I have a 200K-line Python app that uses 5-10 C extensions plus a few Cython 
modules I wrote for content-defined file chunking and a dedup hash table. 
Performance in general is good, but Python has its limits in several ways:

  * threading allows sharing data but the GIL limits performance
  * multiprocessing allows message passing without the GIL, but there's 
overhead to code, exchange, and decode messages
  * large data structures become impossibly large because of 24/28 byte integers
  * operating on large data structures is slow because of Python's VM



I love Python, and as one of the most popular programming languages in the 
world, if not _the_ most popular, other people apparently love it too. But I 
have hit its limits.

If it was possible to get reasonably maintainable Nim code from Python source, 
even if it required extensive editing, I think that would be huge. It's not 
like we're talking about converting some niche language like OCaml, Scala, 
Haskell, Erlang, Elixir, etc. to Nim. That would be a waste of time. But when 
you're talking about converting the most popular programming language on the 
planet, I think that would justify a lot of effort.
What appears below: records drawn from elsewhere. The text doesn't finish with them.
(* Let $\Gamma\in\mathbb{N}$ and let $h\in C^1([-\Gamma,\Gamma])$ be real-valued with $h'$ Lipschitz and $h(0)=0$. Then there is a constant $C>0$, depending only on $h$ and $\Gamma$, such that the following holds. Let $G_1,G_2$ be graphs with $n_1$ and $n_2$ nodes, GSOs $\mathbf{\Delta}_1\in\mathbb{R}^{n_1\times n_1}$, $\mathbf{\Delta}_2\in\mathbb{R}^{n_2\times n_2}$ and GWMs $\boldsymbol{A}_1,\boldsymbol{A}_2$ with $\|\boldsymbol{A}_1\|_{\mathbb{C}^{n_1}\to\mathbb{C}^{n_1}}\le\Gamma$ and $\|\boldsymbol{A}_2\|_{\mathbb{C}^{n_2}\to\mathbb{C}^{n_2}}\le\Gamma$. Then for all permutations $\pi_1,\pi_2$ of the node sets, $$\|T_{W_{n_1h(\pi_1(\mathbf{\Delta}_1))}}-T_{W_{n_2h(\pi_2(\mathbf{\Delta}_2))}}\|_{L^2[0,1]\to L^2[0,1]}\le C\,\|T_{W_{\pi_1(\boldsymbol{A}_1)}}-T_{W_{\pi_2(\boldsymbol{A}_2)}}\|_{L^2[0,1]\to L^2[0,1]}.$$
   Context: A graph with GSO is $G=(V,E,\mathbf{\Delta})$, $V=\{1,\dots,n\}$, $\mathbf{\Delta}\in\mathbb{R}^{n\times n}$ symmetric; GWM $\boldsymbol{A}=n\mathbf{\Delta}$. $h(\mathbf{\Delta})$ is functional calculus via an orthonormal eigendecomposition (the eigenvalues of $\mathbf{\Delta}$ lie in $[-\Gamma,\Gamma]$ under the hypotheses). For a permutation $\pi$, $\pi(\boldsymbol{B})=(\boldsymbol{B}_{\pi(i)\pi(j)})_{ij}$. With $P_k=[(k-1)/n,k/n)$, $W_{\boldsymbol{B}}(u,v)=\sum_{i,j}\boldsymbol{B}_{ij}\chi_{P_i}(u)\chi_{P_j}(v)$ for $\boldsymbol{B}\in\mathbb{R}^{n\times n}$, and $T_W\psi(v)=\int_0^1W(v,u)\psi(u)du$ on $L^2[0,1]$. *)

theory Defs
  imports "HOL-Analysis.Analysis"
begin

text \<open>Square matrices of size n are represented as functions nat \<Rightarrow> nat \<Rightarrow> real;
  only the entries with indices < n are relevant (nodes are 0,...,n-1).\<close>

definition sym_mat :: "nat \<Rightarrow> (nat \<Rightarrow> nat \<Rightarrow> real) \<Rightarrow> bool" where
  "sym_mat n B \<longleftrightarrow> (\<forall>i<n. \<forall>j<n. B i j = B j i)"

definition orth_eigendecomp ::
  "nat \<Rightarrow> (nat \<Rightarrow> nat \<Rightarrow> real) \<Rightarrow> (nat \<Rightarrow> nat \<Rightarrow> real) \<Rightarrow> (nat \<Rightarrow> real) \<Rightarrow> bool" where
  "orth_eigendecomp n B U lam \<longleftrightarrow>
     (\<forall>i<n. \<forall>j<n. (\<Sum>k<n. U k i * U k j) = (if i = j then 1 else 0)) \<and>
     (\<forall>i<n. \<forall>j<n. B i j = (\<Sum>k<n. lam k * U i k * U j k))"

definition mat_fun :: "(real \<Rightarrow> real) \<Rightarrow> nat \<Rightarrow> (nat \<Rightarrow> nat \<Rightarrow> real) \<Rightarrow> (nat \<Rightarrow> nat \<Rightarrow> real)" where
  "mat_fun h n B =
     (let (U, lam) = (SOME (U, lam). orth_eigendecomp n B U lam)
      in (\<lambda>i j. if i < n \<and> j < n then (\<Sum>k<n. h (lam k) * U i k * U j k) else 0))"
While it is possible to use Nim like a Cython replacement to speed up certain 
slow parts of a Python program, and that may be the best way forward for an 
individual or small team, it has limitations similar to multiprocessing: you 
still may have to take a lot of Python data, convert it to native Nim 
structures, do something with them, then convert it all back to Python, and 
that won't be fast. I haven't tried it, so can't say whether it's worthwhile or 
not.

One way to see how reasonable it is to do a real Python to Nim transpiler would 
be to start manually converting small Python programs, like at 
[https://rosettacode.org/wiki/Category:Python](https://rosettacode.org/wiki/Category:Python).
 The advantage of starting with real programs vs a grammar is that you'd be 
putting effort into converting things that people use all the time rather than 
beating your head against a wall trying to figure out how to convert some 
esoteric Python OO construction that maybe only a few people actually use. If a 
transpiler converted 75% of the code and left the other 25% of "weird" stuff to 
be done by hand, that would be huge. Someone there wrote the weird Python, 
someone there can convert it by hand.

This would also be a great tool for Python programmers to learn Nim. If a 
person is already familiar with their Python program, seeing a decent Nim 
translation would be a great way for them to map the Python concepts they 
already understand, to Nim.

And it isn't just about performance. Have you ever tried to do a static build 
of a Python program that uses C extensions (not the ones that come with 
Python), Cython modules, and needs an updated OpenSSL, for 3 platforms? Try it. 
It ain't fun.

Or if you have a C library you'd like to use, like the new Blake3 hash 
function, that doesn't have a Python binding yet. Ever seen those C-to-Python 
modules, with refcounts all over the place? What if you forget a few and your 
program starts crashing regularly. How do you debug that? Again, not fun.

Those are some of my reasons for looking at Nim. I looked at Go, and while it's 
much more mature and stable because of Google, it doesn't do much for me. Rust 
is way too fussy (Nim is too sometimes) and Rust is starting to look like APL. 
Compared to C++, which is a mess I never even wanted to learn, Rust might be 
wonderful, but they're too much "kitchen, bathroom, and laundry sink" for me.